You can see whenever x1=4, then x2 also eqals to 4.

Let's run some logistic regression:

proc logistic data=work.data;

class x1 x2 /param=glm;

model y=x1 x2 /aggregate scale=none;

run;

Results:

Standard Wald

Parameter DF Estimate Error Chi-Square Pr > ChiSq

Intercept 1 4.82E-15 0.7071 0.0000 1.0000

x1 1 1 -1.6953 1.1763 2.0770 0.1495

x1 2 1 1.4020 1.1598 1.4612 0.2267

x1 3 1 -0.4055 0.9574 0.1793 0.6719

x1 4 0 0 . . .

x2 1 1 -0.0799 0.8535 0.0088 0.9254

x2 2 1 1.3451 0.8710 2.3847 0.1225

x2 3 0 0 . . .

x2 4 0 0 . . .

You can see the results: x2=4 is the reference group, so DF=0. But x2=3 also has DF=0. Problem! This is because x2=4 is 100% correlated with x1=4. You can say in this case x2=3 acts as the reference group, and the effect of x2=4 has been explained by the other variable x1's x1=4.

Let's run a linear regression model using PROC GLM:

proc glm data=work.data;

class x1 x2;

model y=x1 x2/solution ss3;

run;

quit;

The results are the same as below. There is no estimate for x2=3.

Standard

Parameter Estimate Error t Value Pr > |t|

Intercept 0.5000000000 B 0.14821413 3.37 0.0010

x1 1 0.3879750199 B 0.23428608 1.66 0.1005

x1 2 -.2299495084 B 0.22891720 -1.00 0.3173

x1 3 0.1000000000 B 0.19885012 0.50 0.6160

x1 4 0.0000000000 B . . .

x2 1 -.0381211799 B 0.16953676 -0.22 0.8225

x2 2 -.2618788201 B 0.16953676 -1.54 0.1252

x2 3 0.0000000000 B . . .

x2 4 0.0000000000 B . . .

If you change the data so that x1=4 and x2=4 are not perfectly related, then the problem disappeared.

I think the explanation can be that 'the effects of the levels can only be estimated unless they have unique contribution, i.e. they are not perfectly explained by other variables'.

Any better thoughts, statistically?

Doc_Duke · Posted 08-17-2011 11:17 PM

Correct. You can see it more clearly with continuous variables. If you have a model with, say, systolic blood pressure, diastolic blood pressure and pulse pressure (= (systolic - diastolic) ), then any two variables carry the same infomation as the third. You can actually write it out

y = int + b1*systolic + b2*diastolic + b3*pulse

= int + b1*systolic + b2*diastolic + b3*(systolic - diastolic)

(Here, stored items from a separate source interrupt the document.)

(* Let $(X_0,d_0),(X_1,d_1),(X_2,d_2),\dots,(X_q,d_q)$ be $C^\infty$ vector fields on a neighborhood $\Omega$ of $0$ in $\mathbb{R}^n$, each paired with a degree in $[0,\infty)^\nu\setminus\{0\}$. Suppose $(\mathbf X,\mathbf d)=\{(X_2,d_2),\dots,(X_q,d_q)\}$ controls every element of $\{([X_i,X_j],d_i+d_j):2\le i,j\le q\}$. If $(\mathbf X,\mathbf d)$ controls $(X_0,d_0)$ and $(X_1,d_1)$, then $(\mathbf X,\mathbf d)$ also controls $([X_0,X_1],d_0+d_1)$.
   Context: For $\delta\in[0,\infty)^\nu$, $\delta^d=\prod_\mu\delta_\mu^{d^\mu}$ ($0^0=1$). $B_{(\mathbf X,\mathbf d)}(x,\delta)$ is the set of $y\in\Omega$ reachable from $x$ by an absolutely continuous $\gamma:[0,1]\to\Omega$ with $\gamma'=\sum_la_l\delta^{d_l}X_l(\gamma)$ a.e. and $\|\sum|a_l|^2\|_{L^\infty}<1$ (subspace topology); $(\mathbf X,\mathbf d)$ satisfies $\mathcal C(x,\delta,\Omega)$ if every such ODE from $x$ has an absolutely continuous solution $[0,1]\to\Omega$. $\vec\xi=(\xi,\dots,\xi)$. $(\delta\mathbf X)^\beta$ composes the operators $\delta^{d_{\beta_i}}X_{\beta_i}$ along an ordered list $\beta$; $\|f\|_{C(V)}=\sup_V|f|$ with continuity. $(\mathbf X,\mathbf d)$ controls $(Z,d)$ if there are a neighborhood $U\subseteq\Omega$ of $0$ and $\xi_1>0$ with $\mathcal C(x,\vec{\xi_1},\Omega)$ for all $x\in U$, and for all $x\in U,\delta\in[0,1]^\nu$: $\delta^{d}Z=\sum_lc_l^{x,\delta}\delta^{d_l}X_l$ on $B_{(\mathbf X,\mathbf d)}(x,\xi_1\delta)$ with $\sup_{x\in U,\delta\in[0,1]^\nu}\sum_{|\beta|\le m}\|(\delta\mathbf X)^\beta c_l^{x,\delta}\|_{C(B_{(\mathbf X,\mathbf d)}(x,\xi_1\delta))}<\infty$ for every $m$. *)

theory Defs
  imports "HOL-Analysis.Analysis"
begin

text \<open>Multi-index power with the convention 0^0 = 1.\<close>
definition dpow :: "real^'v \<Rightarrow> real^'v \<Rightarrow> real" where
  "dpow \<delta> e = (\<Prod>\<mu>\<in>UNIV. if e $ \<mu> = 0 then 1 else (\<delta> $ \<mu>) powr (e $ \<mu>))"

coinductive smooth_on :: "'a::real_normed_vector set \<Rightarrow> ('a \<Rightarrow> 'b::real_normed_vector) \<Rightarrow> bool"
  for S where
  "continuous_on S f \<Longrightarrow> (\<forall>x\<in>S. (f has_derivative f' x) (at x))
     \<Longrightarrow> (\<forall>v. smooth_on S (\<lambda>x. f' x v)) \<Longrightarrow> smooth_on S f"

definition lie_bracket :: "('a::real_normed_vector \<Rightarrow> 'a) \<Rightarrow> ('a \<Rightarrow> 'a) \<Rightarrow> 'a \<Rightarrow> 'a" where
  "lie_bracket X Y x = frechet_derivative Y (at x) (X x) - frechet_derivative X (at x) (Y x)"

definition abs_cont_on :: "real \<Rightarrow> real \<Rightarrow> (real \<Rightarrow> 'a::real_normed_vector) \<Rightarrow> bool" where
  "abs_cont_on a b f \<longleftrightarrow>
     (\<forall>\<epsilon>>0. \<exists>\<eta>>0. \<forall>(n::nat) (u::nat \<Rightarrow> real) v.
        (\<forall>k<n. a \<le> u k \<and> u k \<le> v k \<and> v k \<le> b) \<and>
        (\<forall>k<n. \<forall>j<n. k \<noteq> j \<longrightarrow> v k \<le> u j \<or> v j \<le> u k) \<and>
        (\<Sum>k<n. v k - u k) < \<eta>
        \<longrightarrow> (\<Sum>k<n. norm (f (v k) - f (u k))) < \<epsilon>)"

definition admissible_coeffs :: "nat set \<Rightarrow> (nat \<Rightarrow> real \<Rightarrow> real) \<Rightarrow> bool" where
  "admissible_coeffs L a \<longleftrightarrow> (\<forall>l\<in>L. a l \<in> borel_measurable lebesgue) \<and>
     (\<exists>s<1. AE t in lebesgue. t \<in> {0..1} \<longrightarrow> (\<Sum>l\<in>L. \<bar>a l t\<bar>^2) \<le> s)"

definition ode_solution ::
  "'a::euclidean_space set \<Rightarrow> nat set \<Rightarrow> (nat \<Rightarrow> 'a \<Rightarrow> 'a) \<Rightarrow> (nat \<Rightarrow> real^'v) \<Rightarrow> 'a \<Rightarrow> real^'v
    \<Rightarrow> (nat \<Rightarrow> real \<Rightarrow> real) \<Rightarrow> (real \<Rightarrow> 'a) \<Rightarrow> bool" where
  "ode_solution \<Omega> L X d x \<delta> a \<gamma> \<longleftrightarrow> \<gamma> 0 = x \<and> \<gamma> ` {0..1} \<subseteq> \<Omega> \<and> abs_cont_on 0 1 \<gamma> \<and>
     (AE t in lebesgue. t \<in> {0..1} \<longrightarrow>
        (\<gamma> has_vector_derivative (\<Sum>l\<in>L. (a l t * dpow \<delta> (d l)) *\<^sub>R X l (\<gamma> t))) (at t within {0..1}))"

definition cc_ball ::
  "'a::euclidean_space set \<Rightarrow> nat set \<Rightarrow> (nat \<Rightarrow> 'a \<Rightarrow> 'a) \<Rightarrow> (nat \<Rightarrow> real^'v) \<Rightarrow> 'a \<Rightarrow> real^'v \<Rightarrow> 'a set" where
  "cc_ball \<Omega> L X d x \<delta> = {y \<in> \<Omega>. \<exists>a \<gamma>. admissible_coeffs L a \<and> ode_solution \<Omega> L X d x \<delta> a \<gamma> \<and> \<gamma> 1 = y}"

definition cond_C ::
  "'a::euclidean_space set \<Rightarrow> nat set \<Rightarrow> (nat \<Rightarrow> 'a \<Rightarrow> 'a) \<Rightarrow> (nat \<Rightarrow> real^'v) \<Rightarrow> 'a \<Rightarrow> real^'v \<Rightarrow> bool" where
  "cond_C \<Omega> L X d x \<delta> \<longleftrightarrow> (\<forall>a. admissible_coeffs L a \<longrightarrow> (\<exists>\<gamma>. ode_solution \<Omega> L X d x \<delta> a \<gamma>))"

definition lie_deriv_on :: "'a::real_normed_vector set \<Rightarrow> ('a \<Rightarrow> 'a) \<Rightarrow> ('a \<Rightarrow> real) \<Rightarrow> ('a \<Rightarrow> real) \<Rightarrow> bool" where
  "lie_deriv_on V Y g h \<longleftrightarrow> (\<forall>y\<in>V. \<forall>\<gamma> e. e > 0 \<and> \<gamma> 0 = y \<and>
      (\<forall>t\<in>{-e..e}. \<gamma> t \<in> V \<and> (\<gamma> has_vector_derivative Y (\<gamma> t)) (at t within {-e..e}))
      \<longrightarrow> ((g \<circ> \<gamma>) has_real_derivative h y) (at 0 within {-e..e}))"

definition vf_derivs ::
  "'a::real_normed_vector set \<Rightarrow> nat set \<Rightarrow> (nat \<Rightarrow> 'a \<Rightarrow> 'a) \<Rightarrow> ('a \<Rightarrow> real) \<Rightarrow> (nat list \<Rightarrow> 'a \<Rightarrow> real) \<Rightarrow> nat \<Rightarrow> bool" where
  "vf_derivs V L Y g D m \<longleftrightarrow> (\<forall>y\<in>V. D [] y = g y) \<and>
     (\<forall>\<beta> l. set \<beta> \<subseteq> L \<and> l \<in> L \<and> length \<beta> < m \<longrightarrow> lie_deriv_on V (Y l) (D \<beta>) (D (l # \<beta>))) \<and>
     (\<forall>\<beta>. set \<beta> \<subseteq> L \<and> length \<beta> \<le> m \<longrightarrow> continuous_on V (D \<beta>))"

definition controls ::
  "'a::euclidean_space set \<Rightarrow> nat set \<Rightarrow> (nat \<Rightarrow> 'a \<Rightarrow> 'a) \<Rightarrow> (nat \<Rightarrow> real^'v) \<Rightarrow> ('a \<Rightarrow> 'a) \<Rightarrow> real^'v \<Rightarrow> bool" where
  "controls \<Omega> L X d Z dZ \<longleftrightarrow>
     (\<exists>U \<xi>1. open U \<and> 0 \<in> U \<and> U \<subseteq> \<Omega> \<and> \<xi>1 > 0 \<and>
        (\<forall>x\<in>U. cond_C \<Omega> L X d x (\<chi> \<mu>. \<xi>1)) \<and>
        (\<exists>c :: 'a \<Rightarrow> real^'v \<Rightarrow> nat \<Rightarrow> 'a \<Rightarrow> real.
          (\<forall>x\<in>U. \<forall>\<delta>. (\<forall>\<mu>. 0 \<le> \<delta> $ \<mu> \<and> \<delta> $ \<mu> \<le> 1) \<longrightarrow>
             (\<forall>y\<in>cc_ball \<Omega> L X d x (\<xi>1 *\<^sub>R \<delta>).
                dpow \<delta> dZ *\<^sub>R Z y = (\<Sum>l\<in>L. (c x \<delta> l y * dpow \<delta> (d l)) *\<^sub>R X l y))) \<and>
          (\<forall>m. \<forall>l\<in>L. \<exists>C::real. \<forall>x\<in>U. \<forall>\<delta>. (\<forall>\<mu>. 0 \<le> \<delta> $ \<mu> \<and> \<delta> $ \<mu> \<le> 1) \<longrightarrow>
             (\<exists>D. vf_derivs (cc_ball \<Omega> L X d x (\<xi>1 *\<^sub>R \<delta>)) L (\<lambda>j y. dpow \<delta> (d j) *\<^sub>R X j y) (c x \<delta> l) D m \<and>
                  (\<Sum>\<beta>\<in>{\<beta>. set \<beta> \<subseteq> L \<and> length \<beta> \<le> m}.
                      (SUP y\<in>cc_ball \<Omega> L X d x (\<xi>1 *\<^sub>R \<delta>). ereal \<bar>D \<beta> y\<bar>)) \<le> ereal C))))"

end

theory Submission
  imports Defs
begin

text \<open>
  On a ball \<open>B = B(x, \<xi> \<delta>)\<close> write \<open>Y\<^sub>l = \<delta>^d\<^sub>l X\<^sub>l\<close>, and let the hypotheses give
  \<open>\<delta>^d\<^sub>0 X\<^sub>0 = \<Sum>\<^sub>l c\<^sub>l Y\<^sub>l\<close>, \<open>\<delta>^d\<^sub>1 X\<^sub>1 = \<Sum>\<^sub>k c'\<^sub>k Y\<^sub>k\<close> and \<open>[Y\<^sub>l, Y\<^sub>k] = \<Sum>\<^sub>j e\<^sub>l\<^sub>k\<^sub>j Y\<^sub>j\<close> on \<open>B\<close>.
  Expanding the bracket,
  \<open>\<delta>^(d\<^sub>0 + d\<^sub>1) [X\<^sub>0, X\<^sub>1] = \<Sum>\<^sub>j (\<Sum>\<^sub>l c\<^sub>l Y\<^sub>l c'\<^sub>j - \<Sum>\<^sub>k c'\<^sub>k Y\<^sub>k c\<^sub>j + \<Sum>\<^sub>l\<^sub>,\<^sub>k c\<^sub>l c'\<^sub>k e\<^sub>l\<^sub>k\<^sub>j) Y\<^sub>j\<close>,
  and by the Leibniz rule every derivative \<open>(\<delta>X)\<^sup>\<beta>\<close> of these coefficients is bounded, uniformly in
  \<open>x\<close> and \<open>\<delta>\<close>, by the bounds for \<open>c\<close>, \<open>c'\<close>, \<open>e\<close>, using one more derivative of \<open>c\<close> and \<open>c'\<close>.

  The derivatives \<open>Y\<^sub>l f\<close> are taken along integral curves of \<open>Y\<^sub>l\<close> inside \<open>B\<close>. Such curves exist
  because \<open>B\<close> is invariant under the local flows of the \<open>Y\<^sub>l\<close>: speed up a control reaching a point
  of \<open>B\<close> and spend the time saved on the flow. Along them derivatives are unique, which is what
  allows differentiating the expansions of \<open>X\<^sub>0\<close> and \<open>X\<^sub>1\<close>. Finitely many controls are combined by
  intersecting their neighbourhoods \<open>U\<close> and taking the least \<open>\<xi>\<^sub>1\<close>.
\<close>

lemma dpow_nonneg: "0 \<le> dpow \<delta> e"
  unfolding dpow_def by (intro prod_nonneg) auto

lemma dpow_add:
  assumes "\<forall>\<mu>. 0 \<le> e1 $ \<mu>" "\<forall>\<mu>. 0 \<le> e2 $ \<mu>"
  shows "dpow \<delta> (e1 + e2) = dpow \<delta> e1 * dpow \<delta> e2"
  unfolding dpow_def prod.distrib[symmetric]
proof (rule prod.cong[OF refl])
  fix \<mu>
  show "(if (e1 + e2) $ \<mu> = 0 then 1 else \<delta> $ \<mu> powr (e1 + e2) $ \<mu>) =
    (if e1 $ \<mu> = 0 then 1 else \<delta> $ \<mu> powr e1 $ \<mu>) * (if e2 $ \<mu> = 0 then 1 else \<delta> $ \<mu> powr e2 $ \<mu>)"
    using assms[THEN spec, of \<mu>] by (auto simp: powr_add)
qed

lemma dpow_eq_0_iff: "dpow \<delta> e = 0 \<longleftrightarrow> (\<exists>\<mu>. e $ \<mu> \<noteq> 0 \<and> \<delta> $ \<mu> = 0)"
  unfolding dpow_def by (auto simp: prod_zero_iff)

lemma dpow_scaleR_eq_0_iff:
  assumes "\<xi> \<noteq> 0"
  shows "dpow (\<xi> *\<^sub>R \<delta>) e = 0 \<longleftrightarrow> dpow \<delta> e = 0"
  using assms by (simp add: dpow_eq_0_iff)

= int + b1*systolic + b2*diastolic + b3*systolic - b3*diastolic

=int + (b1+b3)*systolic + (b2-b3)*diastolic

bncoxuk · Posted 08-18-2011 03:45 AM

Hi Duke, your example gives pulse pressue as being perfectly explained by systolic and diastolic: pulse pressure (= (systolic - diastolic) )

But in my data, the relationship is not that tight: not the whole variable is perfectly explained, but only one of its 4 levels.

I assume the principle is the same.

Reeza · Posted 08-19-2011 12:33 PM

For regression with categorical variables essentially dummy variables get created for n-1 levels with the nth level being all 0.

So if one level correlates perfectly with another level in a different categorical variable, the two are linear combinations of each other, same as Doc@Duke example.

Typically you can change the way you categorize the variables to help solve this one, but in your case with all missing for a particular population it might be tricky. You also have systematic missing data, which is a problem in of itself.